It provides intuitive dashboards that rank, distill, and synthesize data using clear language in a single-page view.

Simplicity isn’t only in the view, it’s also in the use. That’s why our solution also comes with drag-and-drop functionality for endless customization.

4. Prioritization

When you’re in the foxhole fighting fraud, there’s no time to second-guess yourself. The stakes can be millions in fraud losses, or even more in lost customers. You need to know what’s most important, identify it quickly, and act on it.

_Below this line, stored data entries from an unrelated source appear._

section \<open>The group \<open>G\<^sub>1\<close>\<close>

context
  fixes c :: "nat \<Rightarrow> 'a" and F :: "'a set" and k :: nat
  assumes bij: "bij_betw c {0..<4*k} F"
begin

lemma image_points: "c ` {0..<4*k} = F"
  using bij by (simp add: bij_betw_def)

lemma point_eq_iff: "x < 4*k \<Longrightarrow> y < 4*k \<Longrightarrow> c x = c y \<longleftrightarrow> x = y"
  using bij by (auto simp: bij_betw_def dest: inj_onD)

lemma perm_a_apply:
  assumes "x < 4*k"
  shows "perm_a c k (c x) = c (pair_swap x)"
proof -
  have "inj_on c {0..<2*(2*k)}"
    using bij by (simp add: bij_betw_def)
  then show ?thesis
    unfolding perm_a_def using pair_transpositions_apply[of c "2*k" x] assms by simp
qed

lemma perm_a_outside: "y \<notin> F \<Longrightarrow> perm_a c k y = y"
  unfolding perm_a_def using pair_transpositions_outside[of y c "2*k"] image_points by simp

lemma perm_a_involution: "perm_a c k \<circ> perm_a c k = id"
proof
  fix x
  show "(perm_a c k \<circ> perm_a c k) x = id x"
  proof (cases "x \<in> F")
    case True
    then obtain y where y: "y < 4*k" "x = c y"
      using image_points by auto
    moreover have "pair_swap y < 4*k"
      using y(1) pair_swap_less[of y "2*k"] by simp
    ultimately show ?thesis
      by (simp add: perm_a_apply)
  next
    case False
    then show ?thesis
      by (simp add: perm_a_outside)
  qed
qed

lemma perm_a_permutes: "perm_a c k permutes F"
proof -
  have "bij (perm_a c k)"
    using perm_a_involution perm_a_involution by (rule o_bij)
  then show ?thesis
    unfolding permutes_def bij_iff using perm_a_outside by blast
qed

context
  fixes g :: nat
  assumes k_eq: "k = 4*g+4"
begin

lemma k_pos: "0 < k"
  using k_eq by simp

lemma partner_less': "p < 2*k \<Longrightarrow> partner g p < 2*k"
  using partner_less[of p g] k_eq by simp
lemma cardSuc_escape_bounded_fibres:
  fixes h :: "'a set \<Rightarrow> 'i \<Rightarrow> 'b"
  assumes L: "Card_order L" and inf: "infinite (Field L)"
    and Z_sub: "Z \<subseteq> Field (cardSuc L)" and Z_card: "|Z| =o cardSuc L"
    and I_card: "|I| \<le>o |Field L|" and B_card: "\<And>i. i \<in> I \<Longrightarrow> |B i| \<le>o |Field L|"
    and bounded: "\<And>i \<epsilon>. i \<in> I \<Longrightarrow> \<epsilon> \<in> B i \<Longrightarrow>
      \<not> sup_eq (cardSuc L) (Field (cardSuc L)) {\<beta>\<in>Z. h \<beta> i = \<epsilon>}"
    and \<alpha>: "\<alpha> \<in> Field (cardSuc L)"
  shows "\<exists>\<beta>\<in>Z. (\<alpha>,\<beta>) \<in> cardSuc L \<and> \<alpha> \<noteq> \<beta> \<and> (\<forall>i\<in>I. h \<beta> i \<notin> B i)"
proof -
  let ?K = "cardSuc L"
  let ?P = "SIGMA i:I. B i"
  have "\<forall>p\<in>?P. \<exists>\<delta>. \<delta> \<in> Field ?K \<and>
      (\<forall>\<beta>\<in>Z. h \<beta> (fst p) = snd p \<longrightarrow> \<not> ((\<delta>,\<beta>) \<in> ?K \<and> \<delta> \<noteq> \<beta>))"
    using bounded unfolding sup_eq_def by fastforce
  from bchoice[OF this] obtain D where D: "\<forall>p\<in>?P. D p \<in> Field ?K \<and>
      (\<forall>\<beta>\<in>Z. h \<beta> (fst p) = snd p \<longrightarrow> \<not> ((D p,\<beta>) \<in> ?K \<and> D p \<noteq> \<beta>))"
    by blast
  have "|?P| \<le>o |Field L|"
    using card_of_Sigma_ordLeq_infinite[OF inf I_card] B_card by blast
  hence "|D ` ?P| \<le>o |Field L|" by (rule ordLeq_transitive[OF card_of_image])
  hence S_card: "|insert \<alpha> (D ` ?P)| \<le>o |Field L|" by (rule card_of_insert_ordLeq_infinite[OF inf])
  have S_sub: "insert \<alpha> (D ` ?P) \<subseteq> Field ?K" using \<alpha> D by blast
  obtain \<beta> where \<beta>: "\<beta> \<in> Z" "\<forall>\<delta>\<in>insert \<alpha> (D ` ?P). (\<delta>,\<beta>) \<in> ?K \<and> \<delta> \<noteq> \<beta>"
    using cardSuc_large_subset_above_small_subset[OF L inf Z_sub Z_card S_sub S_card] by blast
  have "h \<beta> i \<notin> B i" if "i \<in> I" for i
  proof
    assume "h \<beta> i \<in> B i"
    hence "(i, h \<beta> i) \<in> ?P" using that by blast
    thus False using D \<beta> by fastforce
  qed
  thus ?thesis using \<beta> by blast
qed

lemma less_star_below_on_final_segment:
  assumes c: "wo_rel c" and L: "wo_rel L" and a: "a \<in> Field c"
    and uv: "less_star c L u v"
    and in_Field: "\<And>i. i \<in> Field c \<Longrightarrow> u i \<in> Field L \<and> v i \<in> Field L \<and> g i \<in> Field L"
    and below: "\<And>i. i \<in> Field c \<Longrightarrow> (a,i) \<in> c \<Longrightarrow> (g i, v i) \<notin> L"
  shows "less_star c L u g"
proof -
  obtain j where j: "j \<in> Field c" "\<And>i. i \<in> Field c \<Longrightarrow> (v i, u i) \<in> L \<Longrightarrow> (i,j) \<in> c"
    using uv unfolding less_star_def by blast
  define m where "m = (if (a,j) \<in> c then j else a)"
  have m: "m \<in> Field c" "(a,m) \<in> c" "(j,m) \<in> c"
    using a j(1) wo_rel.REFL[OF c] wo_rel.TOTALS[OF c] unfolding m_def refl_on_def by auto
  have "(i,m) \<in> c" if i: "i \<in> Field c" "(g i, u i) \<in> L" for i
  proof (cases "(a,i) \<in> c")
    case True
    hence "(v i, g i) \<in> L" using below i(1) in_Field wo_rel.TOTALS[OF L] by blast
    hence "(v i, u i) \<in> L" using wo_rel.TRANS[OF L] i(2) unfolding trans_def by blast
    thus ?thesis using j(2) i(1) m(3) wo_rel.TRANS[OF c] unfolding trans_def by blast
  next
    case False
    thus ?thesis using i(1) a m(2) wo_rel.TOTALS[OF c] wo_rel.TRANS[OF c]
      unfolding trans_def by blast
  qed
  thus ?thesis using m(1) unfolding less_star_def by blast
qed

lemma less_star_bound_of_bounded_fibres:
  fixes f :: "'a set \<Rightarrow> 'i \<Rightarrow> 'a"
  assumes L: "Card_order L" and inf: "infinite (Field L)" and c: "wo_rel c"
    and c_card: "|Field c| \<le>o |Field L|" and a: "a \<in> Field c"
    and Z_sub: "Z \<subseteq> Field (cardSuc L)" and Z_card: "|Z| =o cardSuc L"
    and A: "\<And>i. A i \<subseteq> Field L"
    and f_A: "\<And>\<alpha> i. \<alpha> \<in> Field (cardSuc L) \<Longrightarrow> i \<in> Field c \<Longrightarrow> f \<alpha> i \<in> A i"
    and g_A: "\<And>i. i \<in> Field c \<Longrightarrow> g i \<in> A i"
    and f_incr: "\<And>\<alpha> \<beta>. \<alpha> \<in> Field (cardSuc L) \<Longrightarrow> \<beta> \<in> Field (cardSuc L) \<Longrightarrow>
      (\<alpha>,\<beta>) \<in> cardSuc L \<Longrightarrow> \<alpha> \<noteq> \<beta> \<Longrightarrow> less_star c L (f \<alpha>) (f \<beta>)"
    and bounded: "\<And>i \<epsilon>. i \<in> Field c \<Longrightarrow> (a,i) \<in> c \<Longrightarrow> \<epsilon> \<in> A i \<Longrightarrow> (g i,\<epsilon>) \<in> L \<Longrightarrow>
      \<not> sup_eq (cardSuc L) (Field (cardSuc L)) {\<beta>\<in>Z. f \<beta> i = \<epsilon>}"
    and \<alpha>: "\<alpha> \<in> Field (cardSuc L)"
  shows "less_star c L (f \<alpha>) g"
proof -
  let ?I = "{i\<in>Field c. (a,i) \<in> c}"
  let ?B = "\<lambda>i. {\<epsilon>\<in>A i. (g i,\<epsilon>) \<in> L}"
  have I_card: "|?I| \<le>o |Field L|"
    using c_card by (rule ordLeq_transitive[OF card_of_mono1, rotated]) blast
  have B_card: "|?B i| \<le>o |Field L|" if "i \<in> ?I" for i
    by (rule card_of_mono1) (use A in blast)
  have B_bounded: "\<not> sup_eq (cardSuc L) (Field (cardSuc L)) {\<beta>\<in>Z. f \<beta> i = \<epsilon>}"
    if "i \<in> ?I" "\<epsilon> \<in> ?B i" for i \<epsilon>
    using bounded that by blast
  obtain \<beta> where \<beta>: "\<beta> \<in> Z" "(\<alpha>,\<beta>) \<in> cardSuc L" "\<alpha> \<noteq> \<beta>" "\<forall>i\<in>?I. f \<beta> i \<notin> ?B i"
    using cardSuc_escape_bounded_fibres[where I = ?I and B = ?B and h = f,
        OF L inf Z_sub Z_card I_card B_card B_bounded \<alpha>]
    by blast
  show ?thesis
  proof (rule less_star_below_on_final_segment[OF c Card_order_wo_rel[OF L] a])
    show "less_star c L (f \<alpha>) (f \<beta>)" using f_incr \<alpha> \<beta> Z_sub by blast
  qed (use \<alpha> \<beta> Z_sub f_A g_A A in blast)+
qed
lemma theta_normal_eq_0:
  assumes "triharmonic a b I \<gamma>" "4 * a \<noteq> b^2" "s \<in> I"
  shows "theta a b (\<gamma> s) (N s) = 0"
proof (rule ccontr)
  define \<theta>T \<theta>N \<theta>B where "\<theta>T t = theta a b (\<gamma> t) (vel \<gamma> t)" and "\<theta>N t = theta a b (\<gamma> t) (N t)"
    and "\<theta>B t = theta a b (\<gamma> t) (B t)" for t
  define h where "h = gm a b (\<gamma> s) (B s) (conn a b (\<gamma> s) (vel \<gamma> s) E3)"
  let ?Q = "2 * \<kappa>^2 + \<tau>^2"
  assume "theta a b (\<gamma> s) (N s) \<noteq> 0"
  then have "\<theta>N s \<noteq> 0"
    by (simp add: \<theta>N_def)
  have "continuous (at s) \<theta>N"
    using has_real_derivative_theta_covd[where b = b, OF helix_differentiable(1,3)[OF assms(3)] lam_nonzero[OF assms(3)]]
    unfolding \<theta>N_def[abs_def] by (rule DERIV_continuous)
  then have "(\<theta>N \<longlongrightarrow> \<theta>N s) (at s)"
    by (simp add: continuous_at)
  then have "\<forall>\<^sub>F t in nhds s. \<theta>N t \<noteq> 0"
    using \<open>\<theta>N s \<noteq> 0\<close> by (simp add: eventually_nhds_conv_at tendsto_imp_eventually_ne)
  moreover have "\<forall>\<^sub>F t in nhds s. t \<in> I"
    using open_I assms(3) by (rule eventually_nhds_in_open)
  ultimately have locally_zero: "\<forall>\<^sub>F t in nhds s. ?Q * \<theta>B t + \<kappa> * \<tau> * \<theta>T t = 0"
    by eventually_elim
      (use triharmonic_frame_equations(1)[OF assms(1)] assms(2) in \<open>auto simp: \<theta>T_def \<theta>N_def \<theta>B_def\<close>)
  then have B_eq: "?Q * \<theta>B s + \<kappa> * \<tau> * \<theta>T s = 0"
    by (rule eventually_nhds_x_imp_x)
  have "((\<lambda>t. ?Q * \<theta>B t + \<kappa> * \<tau> * \<theta>T t) has_real_derivative 0) (at s)"
    using DERIV_cong_ev[OF refl locally_zero refl] by simp
  moreover have "((\<lambda>t. ?Q * \<theta>B t + \<kappa> * \<tau> * \<theta>T t) has_real_derivative
      ?Q * (- \<tau> * \<theta>N s + h) + \<kappa> * \<tau> * (\<kappa> * \<theta>N s)) (at s)"
    unfolding \<theta>B_def[abs_def] \<theta>T_def[abs_def] \<theta>N_def h_def
    by (intro DERIV_add DERIV_cmult has_real_derivative_theta_binormal has_real_derivative_theta_vel assms(3))
  ultimately have "?Q * (- \<tau> * \<theta>N s + h) + \<kappa> * \<tau> * (\<kappa> * \<theta>N s) = 0"
    using DERIV_unique by blast
  then have dB_eq: "?Q * (h - \<tau> * \<theta>N s) + \<kappa>^2 * \<tau> * \<theta>N s = 0"
    by algebra
  have "\<theta>N s = 0"
  proof (rule helix_frame_equations_imp_theta_N_zero[OF kappa_pos _ B_eq _ dB_eq])
    show "(\<theta>T s)^2 + (\<theta>N s)^2 + (\<theta>B s)^2 = 1"
      unfolding \<theta>T_def \<theta>N_def \<theta>B_def
      by (rule theta_orthonormal_frame[OF lam_nonzero frame_orthonormal]) (fact assms(3))+
    show "(\<kappa>^2 + \<tau>^2)^2 - ?Q * ((4*a - 3*b^2/4) - (4*a - b^2) * ((\<theta>T s)^2 + (\<theta>N s)^2))
      - \<kappa> * \<tau> * (4*a - b^2) * \<theta>T s * \<theta>B s = 0"
      unfolding \<theta>T_def \<theta>N_def \<theta>B_def by (rule triharmonic_frame_equations(2)[OF assms(1,3)])
    show "h^2 = (b^2/4) * (1 - (\<theta>T s)^2 - (\<theta>B s)^2)"
      unfolding \<theta>T_def \<theta>B_def h_def
      by (rule gm_conn_E3_sq[OF lam_nonzero frame_orthonormal(1,3,5)]) (fact assms(3))+
  qed
  with \<open>\<theta>N s \<noteq> 0\<close> show False ..
qed
(* Let $G=(V,E_1,\dots,E_k)$ be a complete $k$-edge-colored graph. Assume that for every $i\in\{1,\dots,k\}$ the monochromatic subgraph $G_{|i}$, together with some labeling $\ell_i$, is a simple permutation graph, and that the quotient graph $G[M]/\mathbb{P}_{\max}(M)$ of each strong prime module $M$ of $G$ with $|M|\ge 3$ is $2$-edge-colored. Then $G$ is a complete edge-colored permutation graph.
   Context: A complete $k$-edge-colored graph $G=(V,E_1,\dots,E_k)$ is the complete graph on a finite set $V$ with edges partitioned into $k$ nonempty color classes $E_i$ (the one-vertex graph also counts); $G_{|i}=(V,E_i)$. A labeling is a bijection $\ell:V\to\{1,\dots,|V|\}$. A graph $(V,E)$ with labeling $\ell$ is a simple permutation graph of a permutation $\pi$ if for all $u,v$ with $\ell(u)>\ell(v)$: $\{u,v\}\in E$ iff $\pi^{-1}(\ell(u))<\pi^{-1}(\ell(v))$. $G$ is a complete edge-colored permutation graph if there exist a single labeling $\ell$ and permutations $\pi_1,\dots,\pi_k$ with $(G_{|i},\ell)$ a simple permutation graph of $\pi_i$ for all $i$. A module is a set $M\subseteq V$ such that for every $v\notin M$ all edges $\{u,v\}$, $u\in M$, have the same color; a strong module is a nonempty module comparable by inclusion or disjoint with every other module. For a strong module $M$ with $|M|\ge2$, $\mathbb{P}_{\max}(M)$ is the set of inclusion-maximal strong modules properly contained in $M$, and $G[M]/\mathbb{P}_{\max}(M)$ is the complete graph on $\mathbb{P}_{\max}(M)$ with $\{M_a,M_b\}$ colored by the common color of all edges between $M_a$ and $M_b$; for $|M|=1$ it is the one-vertex graph. A strong module is series if its quotient graph has at least two vertices and all its edges have one color, and prime otherwise. *)

theory Defs
  imports Main
begin

text \<open>A complete k-edge-colored graph on vertex set V is given by a symmetric
  colouring function col: the edge {u,v} (u \<noteq> v) lies in colour class E_(col u v).
  Values of col on pairs outside V or on loops are irrelevant.\<close>

definition complete_k_edge_colored :: "'a set \<Rightarrow> nat \<Rightarrow> ('a \<Rightarrow> 'a \<Rightarrow> nat) \<Rightarrow> bool" where
  "complete_k_edge_colored V k col \<longleftrightarrow>
     finite V \<and> V \<noteq> {} \<and>
     (\<forall>u\<in>V. \<forall>v\<in>V. u \<noteq> v \<longrightarrow> col u v = col v u \<and> col u v \<in> {1..k}) \<and>
     (\<forall>i\<in>{1..k}. \<exists>u\<in>V. \<exists>v\<in>V. u \<noteq> v \<and> col u v = i)"

definition is_labeling :: "'a set \<Rightarrow> ('a \<Rightarrow> nat) \<Rightarrow> bool" where
  "is_labeling V l \<longleftrightarrow> bij_betw l V {1..card V}"

definition simple_perm_graph ::
  "'a set \<Rightarrow> ('a \<Rightarrow> 'a \<Rightarrow> bool) \<Rightarrow> ('a \<Rightarrow> nat) \<Rightarrow> (nat \<Rightarrow> nat) \<Rightarrow> bool" where
  "simple_perm_graph V E l \<pi> \<longleftrightarrow>
     is_labeling V l \<and> bij_betw \<pi> {1..card V} {1..card V} \<and>
     (\<forall>u\<in>V. \<forall>v\<in>V. l u > l v \<longrightarrow>
        (E u v \<longleftrightarrow> inv_into {1..card V} \<pi> (l u) < inv_into {1..card V} \<pi> (l v)))"

definition color_edges :: "('a \<Rightarrow> 'a \<Rightarrow> nat) \<Rightarrow> nat \<Rightarrow> 'a \<Rightarrow> 'a \<Rightarrow> bool" where
  "color_edges col i u v \<longleftrightarrow> u \<noteq> v \<and> col u v = i"

definition complete_edge_colored_perm_graph :: "'a set \<Rightarrow> nat \<Rightarrow> ('a \<Rightarrow> 'a \<Rightarrow> nat) \<Rightarrow> bool" where
  "complete_edge_colored_perm_graph V k col \<longleftrightarrow>
     (\<exists>l \<pi>. \<forall>i\<in>{1..k}. simple_perm_graph V (color_edges col i) l (\<pi> i))"

definition is_module :: "'a set \<Rightarrow> ('a \<Rightarrow> 'a \<Rightarrow> nat) \<Rightarrow> 'a set \<Rightarrow> bool" where
  "is_module V col M \<longleftrightarrow> M \<subseteq> V \<and>
     (\<forall>v\<in>V - M. \<forall>u\<in>M. \<forall>u'\<in>M. col u v = col u' v)"
(* In the quantum switch model of the context (with $W=\infty$), suppose $(\lambda_{ij}+\epsilon)_{i,j\in\mathcal K}\in\Lambda$ for some $\epsilon>0$. Then the quantum switch is stable under the stationary protocol $\pi_{\mathrm{STAT}}$ defined in the context.
   Context: Quantum switch model. There are $K$ end nodes $\mathcal K=\{1,\dots,K\}$ and a switch (node $0$); time is slotted, $t=0,1,2,\dots$; pair-indexed quantities are symmetric in $(i,j)$. In slot $t$: (i) $C_{0i}(t)\in\{0,1\}$ EPR pairs are generated between the switch and node $i$, where $\{C_{0i}(t)\}_{t\ge0}$ are mutually independent Bernoulli processes (i.i.d. in $t$) with mean $p_i$. (ii) The switch chooses nonnegative integers $F_{ij}(t)=F_{ji}(t)$ (entanglement swaps for pair $(i,j)$, each consuming one stored switch–$i$ and one stored switch–$j$ pair) with $\sum_iF_{ij}(t)\le E_{0j}(t)$; there is no limit on swaps per slot ($W=\infty$); each swap succeeds independently with probability $q$; $R_{ij}(t)$ is the number of successes. (iii) $A_{ij}(t)\in\mathbb N$ new requests for pair $(i,j)$ arrive. Dynamics: $U_{ij}(t+1)=[U_{ij}(t)-E_{ij}(t)-R_{ij}(t)]^++A_{ij}(t)$, $E_{ij}(t+1)=[E_{ij}(t)+R_{ij}(t)-U_{ij}(t)]^+$, $E_{0i}(t+1)=E_{0i}(t)-\sum_jF_{ij}(t)+C_{0i}(t)$, with zero initial values; $U_{ij}$ = pending requests, $E_{ij}$ = stored $i$–$j$ pairs, $E_{0i}$ = stored switch–$i$ pairs; memory unlimited, no decoherence. Requests: $\{A_{ij}(t)\}_t$ mutually independent across pairs, each stationary ergodic with rate $\lambda_{ij}$, and $\mathbb E[A_{ij}(t)^2\mid H(t)=h]\le A_{\max}^2$ for every $t,i,j$ and realization $h$ of the history $H(t)=(E_{ij}(\tau),U_{ij}(\tau),A_{ij}(\tau),R_{ij}(\tau),C_{0i}(\tau))_{\tau=0}^{t-1}$. Stability: for all $i,j$, $\limsup_{t\to\infty}\frac1t\sum_{\tau=0}^{t-1}\mathbb P[U_{ij}(\tau)>V]\to0$ as $V\to\infty$. $\Lambda$ is the set of nonnegative matrices $(\lambda_{ij})$ for which there exist nonnegative $f_{ij}=f_{ji}$ with $\sum_if_{ij}\le p_j$ for all $j$ and $\lambda_{ij}\le qf_{ij}$ for all $i,j$. Stationary protocol $\pi_{\mathrm{STAT}}$: with $\epsilon$ as in the claim, fix $\tilde f_{ij}=\tilde f_{ji}\ge0$ with $\sum_i\tilde f_{ij}\le p_j$ and $\lambda_{ij}+\epsilon\le q\tilde f_{ij}$ (e.g. $\tilde f_{ij}=(\lambda_{ij}+\epsilon)/q$). Each switch–$i$ pair generated in any slot is, independently, labelled $(i,j)$ with probability $\tilde f_{ij}/p_i$. Let $\mathcal M^i_{ij}(t)$ be the set of switch–$i$ pairs labelled $(i,j)$ not consumed up to slot $t$; whenever $\mathcal M^i_{ij}(t)$ and $\mathcal M^j_{ij}(t)$ are both nonempty, the switch performs swaps for pair $(i,j)$ consuming one pair from each until one of them is empty. *)

theory Defs
  imports "HOL-Probability.Probability"
begin

text \<open>Primitive randomness on a probability space M:
   C t i w      : EPR pair generated between switch and node i in slot t,
   L t i w      : label (partner node j) of the switch-i pair generated in slot t
                  (any value outside the node set / equal to i means "unlabelled"),
   S t i j k w  : success of the k-th swap for pair (i,j), i<j, in slot t,
   A t i j w    : requests arriving for pair (i,j) in slot t (symmetric in i,j).\<close>

definition nodes :: "nat \<Rightarrow> nat set" where
  "nodes Kn = {1..Kn}"

definition upairs :: "nat \<Rightarrow> (nat \<times> nat) set" where
  "upairs Kn = {(i, j). i \<in> nodes Kn \<and> j \<in> nodes Kn \<and> i < j}"

text \<open>stat_M C L t i j = number of switch-i pairs labelled (i,j) not consumed up to slot t.\<close>
fun stat_M :: "(nat \<Rightarrow> nat \<Rightarrow> 'a \<Rightarrow> bool) \<Rightarrow> (nat \<Rightarrow> nat \<Rightarrow> 'a \<Rightarrow> nat)
    \<Rightarrow> nat \<Rightarrow> nat \<Rightarrow> nat \<Rightarrow> 'a \<Rightarrow> nat" where
  "stat_M C L 0 i j w = 0"
| "stat_M C L (Suc t) i j w =
     stat_M C L t i j w - min (stat_M C L t i j w) (stat_M C L t j i w)
     + (if C t i w \<and> L t i w = j then 1 else 0)"
lemma tendsto_char_approx_bound:
  "(\<lambda>N. real N * (\<bar>1 / sqrt (real N)\<bar> ^ 3 * K ^ 3 / 6 + ((1 / sqrt (real N))\<^sup>2 * K\<^sup>2 / 2)\<^sup>2))
    \<longlonglongrightarrow> 0"
proof (rule Lim_transform_eventually)
  show "(\<lambda>N. K ^ 3 / 6 * sqrt (1 / real N) + (K\<^sup>2 / 2)\<^sup>2 * (1 / real N)) \<longlonglongrightarrow> 0"
    by (intro tendsto_add_zero tendsto_mult_right_zero lim_inverse_n'
        tendsto_real_sqrt[OF lim_inverse_n', unfolded real_sqrt_zero])
  show "\<forall>\<^sub>F N in sequentially. K ^ 3 / 6 * sqrt (1 / real N) + (K\<^sup>2 / 2)\<^sup>2 * (1 / real N)
      = real N * (\<bar>1 / sqrt (real N)\<bar> ^ 3 * K ^ 3 / 6 + ((1 / sqrt (real N))\<^sup>2 * K\<^sup>2 / 2)\<^sup>2)"
  proof (rule eventually_sequentiallyI[of 1])
    fix N :: nat
    assume "1 \<le> N"
    have "real N * (\<bar>t\<bar> ^ 3 * K ^ 3 / 6 + (t\<^sup>2 * K\<^sup>2 / 2)\<^sup>2)
        = K ^ 3 / 6 * (real N * t ^ 3) + (K\<^sup>2 / 2)\<^sup>2 * (real N * (t\<^sup>2)\<^sup>2)" if "0 \<le> t" for t
      using that by (simp add: power2_eq_square power3_eq_cube field_simps)
    moreover have "real N * (1 / sqrt (real N)) ^ 3 = sqrt (1 / real N)"
      using \<open>1 \<le> N\<close> by (simp add: power3_eq_cube real_sqrt_divide field_simps)
    moreover have "real N * ((1 / sqrt (real N))\<^sup>2)\<^sup>2 = 1 / real N"
      using \<open>1 \<le> N\<close> by (simp add: power2_eq_square field_simps)
    ultimately show "K ^ 3 / 6 * sqrt (1 / real N) + (K\<^sup>2 / 2)\<^sup>2 * (1 / real N)
      = real N * (\<bar>1 / sqrt (real N)\<bar> ^ 3 * K ^ 3 / 6 + ((1 / sqrt (real N))\<^sup>2 * K\<^sup>2 / 2)\<^sup>2)"
      by simp
  qed
qed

Effective prioritization can truly make or break a fraud investigation’s operation. You might need to make special rules for a certain region. You could find your team focusing on big-ticket items first. Whatever the case, you need a hierarchy of threats in place and a plan to eliminate them.

Prioritization with DataVisor:

Prioritization comes built into DataVisor’s case management capabilities. It queues cases based on user-defined criteria, so analysts can move through the most critical cases back to back. That uninterrupted review of the most relevant events also allows for different collaborators in the fraud team to review specific cases based on their roles.

Best of all, administrators can configure everything in seconds.

5. Explainability

No matter how advanced your fraud detection system is, in the end, humans will be the ones using it. To make the most of its capability, those humans need to understand the rationale behind even the most complex decisions. Analysts must know not only what got an event flagged as suspicious, but the specific rules or parameters it triggered. That creates transparency for stakeholders, fraud teams, and leaders as well.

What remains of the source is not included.